I would much rather have a bunch of separate dungeons and set-pieces I could put in my own world where they could be made to fit nicely without much work (kind of like Yawning Portal or some old modules like B2) instead of a huge chain adventure (like the 1e GDQ combined book or some of the modern APs). The Goodman Borderland book has B1 and B2, but is set to let you run them separately with places explicitly to plug in things in the map or modify things you don't want. And the world doesn't end if the party doesn't decide to clean out the caves.
Sure. Different strokes fir different folks. No one said anything different.
 

Ovinomancer

No flips for you!
But it is. There are games where players have no such authority at all, some in which they can limit the GM to indirectly have such authority and ones where they can directly assume such an authority via some currency or such. GMless freeform would probably be the extreme end of player setting authority, where the players can pretty much just make anything up as long as it doesn't contradict what other players have established. I think @Campbell was perfectly correct to point out the difference.
No. There's a difference between a system tool that is constraining the GM's authority over something and one where the player is granted authority over something. Like how 5e constrains the GM's authority to narrate outcomes in combat to the results of the attack rolls compared to the Forcewall spell which allows a player to say, "there is a wall of force right here right now." These things are not on a spectrum, because one is a constraint on an authority and the other is a granting of authority, or the moving of an authority from one player to another. This are different things, as Campbell says.

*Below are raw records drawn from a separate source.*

(* Let $(f,g),(f',g')\in\Theta$ both be in general position, with representation dimension $m$ and $k\ge m+1$ labels. Let $C=\sqrt{2m/(k-1)}$, and let $\sigma_{\min}$ and $\sigma_{\max}$ be respectively the smallest and the largest singular value among all matrices $\tilde L_{\mathcal J}$ of the model $(f,g)$ (over all pivots $\tilde y$ and all $m$-subsets $\mathcal J\subseteq\mathcal Y\setminus\{\tilde y\}$). Then $$C\,\frac{d_{\mathrm{logit}}(p_{f,g},p_{f',g'})}{\sigma_{\max}}\ \le\ d_{\mathrm{rep}}((f,g),(f',g'))\ \le\ C\,\frac{d_{\mathrm{logit}}(p_{f,g},p_{f',g'})}{\sigma_{\min}}.$$
   Context: Model class $\Theta$: pairs $(f,g)$, $f:\mathcal X\to\mathbb R^m$, $g:\mathcal Y\to\mathbb R^m$, $\mathcal Y$ a finite set of $k$ labels, $\sum_y g(y)=0$, inducing $p_{f,g}(y\mid x)\propto\exp(f(x)^\top g(y))$; $p_x$ is the data distribution. Logits $u(x)=(f(x)^\top g(y))_{y\in\mathcal Y}$, $d_{\mathrm{logit}}^2=\mathbb E_{x\sim p_x}\|u(x)-u'(x)\|_2^2$. For a pivot $\tilde y\in\mathcal Y$ set $\tilde g(y)=g(y)-g(\tilde y)$, and for $\mathcal J=\{y_1,\dots,y_m\}\subseteq\mathcal Y\setminus\{\tilde y\}$ let $\tilde L_{\mathcal J}=(\tilde g(y_1)\ \cdots\ \tilde g(y_m))\in\mathbb R^{m\times m}$ (similarly $\tilde L'_{\mathcal J}$ from $g'$). A model is in general position if $\tilde L_{\mathcal J}$ is invertible for every pivot $\tilde y$ and every $m$-subset $\mathcal J\subseteq\mathcal Y\setminus\{\tilde y\}$, and $\mathrm{span}\{f(x):x\in\mathrm{supp}(p_x)\}=\mathbb R^m$. Put $\tilde A_{\mathcal J}=\tilde L_{\mathcal J}^{-\top}\tilde L_{\mathcal J}'^{\top}$ and $J=\binom{k-1}{m}$. The linear identifiability dissimilarity is $$d_{\mathrm{rep}}^2((f,g),(f',g'))=\frac{1}{kJ}\sum_{\tilde y\in\mathcal Y}\ \sum_{\mathcal J\subseteq\mathcal Y\setminus\{\tilde y\},\,|\mathcal J|=m}\mathbb E_{x\sim p_x}\|f(x)-\tilde A_{\mathcal J}f'(x)\|_2^2.$$ *)

theory Defs
  imports "HOL-Probability.Probability"
begin

text \<open>Representation space: real^'m (m = CARD('m)); labels: finite type 'y (k = CARD('y)).
 A model is a pair (f,g) with f :: 'x => real^'m and g :: 'y => real^'m.\<close>

definition in_Theta :: "('y::finite \<Rightarrow> real^'m) \<Rightarrow> bool" where
  "in_Theta g \<longleftrightarrow> (\<Sum>y\<in>UNIV. g y) = 0"

definition logits :: "('x \<Rightarrow> real^'m) \<Rightarrow> ('y::finite \<Rightarrow> real^'m) \<Rightarrow> 'x \<Rightarrow> real^'y" where
  "logits f g x = (\<chi> y. f x \<bullet> g y)"

definition d_logit_sq :: "'x measure \<Rightarrow> ('x \<Rightarrow> real^'m) \<Rightarrow> ('y::finite \<Rightarrow> real^'m)
    \<Rightarrow> ('x \<Rightarrow> real^'m) \<Rightarrow> ('y \<Rightarrow> real^'m) \<Rightarrow> real" where
  "d_logit_sq M f g f' g' = (\<integral>x. (norm (logits f g x - logits f' g' x))\<^sup>2 \<partial>M)"

definition subsets_J :: "'y::finite \<Rightarrow> 'm::finite itself \<Rightarrow> 'y set set" where
  "subsets_J yt _ = {J. J \<subseteq> UNIV - {yt} \<and> card J = CARD('m)}"

text \<open>A fixed enumeration J = {y_1,...,y_m} of an m-subset (indexed by 'm).
 The same enumeration is used for both models.\<close>
definition enum_J :: "'y set \<Rightarrow> 'm::finite \<Rightarrow> 'y" where
  "enum_J J = (SOME e. bij_betw e (UNIV :: 'm set) J)"

definition Ltil :: "('y \<Rightarrow> real^'m::finite) \<Rightarrow> 'y \<Rightarrow> 'y set \<Rightarrow> real^'m^'m" where
  "Ltil g yt J = (\<chi> i j. (g (enum_J J j) - g yt) $ i)"

definition Atil :: "('y \<Rightarrow> real^'m::finite) \<Rightarrow> ('y \<Rightarrow> real^'m) \<Rightarrow> 'y \<Rightarrow> 'y set \<Rightarrow> real^'m^'m" where
  "Atil g g' yt J = matrix_inv (transpose (Ltil g yt J)) ** transpose (Ltil g' yt J)"

definition d_rep_sq :: "'x measure \<Rightarrow> ('x \<Rightarrow> real^'m::finite) \<Rightarrow> ('y::finite \<Rightarrow> real^'m)
    \<Rightarrow> ('x \<Rightarrow> real^'m) \<Rightarrow> ('y \<Rightarrow> real^'m) \<Rightarrow> real" where
  "d_rep_sq M f g f' g' =
     (1 / (real CARD('y) * real ((CARD('y) - 1) choose CARD('m)))) *
     (\<Sum>yt\<in>UNIV. \<Sum>J\<in>subsets_J yt TYPE('m).
        \<integral>x. (norm (f x - Atil g g' yt J *v f' x))\<^sup>2 \<partial>M)"

definition measure_support :: "'x::topological_space measure \<Rightarrow> 'x set" where
  "measure_support M = {x. \<forall>U. open U \<and> x \<in> U \<longrightarrow> emeasure M U \<noteq> 0}"

definition general_position :: "'x::topological_space measure \<Rightarrow> ('x \<Rightarrow> real^'m::finite)
    \<Rightarrow> ('y::finite \<Rightarrow> real^'m) \<Rightarrow> bool" where
  "general_position M f g \<longleftrightarrow>
     (\<forall>yt. \<forall>J\<in>subsets_J yt TYPE('m). invertible (Ltil g yt J)) \<and>
     span (f ` measure_support M) = UNIV"

definition singular_values :: "real^'n^'n \<Rightarrow> real set" where
  "singular_values A = {sqrt lam | lam. \<exists>v. v \<noteq> 0 \<and> (transpose A ** A) *v v = lam *s v}"

definition all_singular_values :: "('y::finite \<Rightarrow> real^'m::finite) \<Rightarrow> real set" where
  "all_singular_values g = (\<Union>yt. \<Union>J\<in>subsets_J yt TYPE('m). singular_values (Ltil g yt J))"

end

theory Submission
  imports Defs
begin

text \<open>Fix a pivot \<open>y\<close> and an \<open>m\<close>-subset \<open>J\<close>, write \<open>L, L'\<close> for the pivot matrices of the two
  models and \<open>A = L\<^sup>-\<^sup>T L'\<^sup>T\<close>. Then \<open>L\<^sup>T (f x - A f' x) = L\<^sup>T f x - L'\<^sup>T f' x\<close> is the vector of
  differences \<open>\<delta> y\<^sub>j - \<delta> y\<close> of the logit residual \<open>\<delta> = u x - u' x\<close>. Summed over all pivots and
  subsets, and using \<open>\<Sum>\<^sub>y \<delta> y = 0\<close>, these squared norms add up to \<open>2k C(k-2,m-1) |\<delta>|\<^sup>2\<close>.
  Each of them lies between \<open>|f x - A f' x|\<^sup>2\<close> times the squares of the extreme singular values
  (Rayleigh quotients of \<open>L L\<^sup>T\<close>). Integrating and dividing by \<open>k C(k-1,m)\<close>, where
  \<open>m C(k-1,m) = (k-1) C(k-2,m-1)\<close>, gives \<open>\<sigma>\<^sub>m\<^sub>i\<^sub>n\<^sup>2 d_rep\<^sup>2 \<le> 2m/(k-1) d_logit\<^sup>2 \<le> \<sigma>\<^sub>m\<^sub>a\<^sub>x\<^sup>2 d_rep\<^sup>2\<close>.\<close>

section \<open>Eigenvalues and singular values\<close>

lemma linear_plus_quadratic_nonneg_imp_zero:
  fixes a b :: real
  assumes "\<And>t. 0 \<le> a * t + b * t\<^sup>2"
  shows "a = 0"
proof -
  define c where "c = \<bar>b\<bar> + 1"
  have c: "c > 0" unfolding c_def by simp
  define t where "t = - a / c"
  have "0 \<le> a * t + b * t\<^sup>2" by (rule assms)
  also have "\<dots> \<le> a * t + \<bar>b\<bar> * t\<^sup>2" by (simp add: mult_right_mono)
  also have "\<dots> = - (a / c)\<^sup>2"
    using c unfolding t_def by (simp add: field_simps power2_eq_square) (simp add: c_def algebra_simps)
  finally show ?thesis using c by simp
qed

lemma inner_matrix_vector_symmetric:
  fixes T :: "real^'n^'n"
  assumes "transpose T = T"
  shows "u \<bullet> (T *v v) = v \<bullet> (T *v u)"
proof -
  have "u \<bullet> (T *v v) = (transpose T *v u) \<bullet> v"
    by (simp add: dot_lmul_matrix transpose_matrix_vector)
  then show ?thesis using assms by (simp add: inner_commute)
qed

And, to that, my examples of spells are different -- not in the way I was using them to showcase how "edits" are okay with you for entirely arbitrary and uncritical reasons so long as they're familiar, but that spells are actually a fundamentally different kind of mechanic from a Spout Lore in that the latter places constraints on the GM's authority while the former moves limited backstory authority from the GM to the player. It's a good catch.
 

prabe

Tension, apprension, and dissension have begun
Supporter
Well, that’s up to you. If your character has ambitions, makes relationships, changes the world, etc. than people will mourn them.

Again, the problem is that you are describing the AP as if it isn’t being run by a human DM. It is, which means that the world can react to your character.
I assure the APs I played in were run by human GMs, and I assure you that our characters didn't matter at all to them.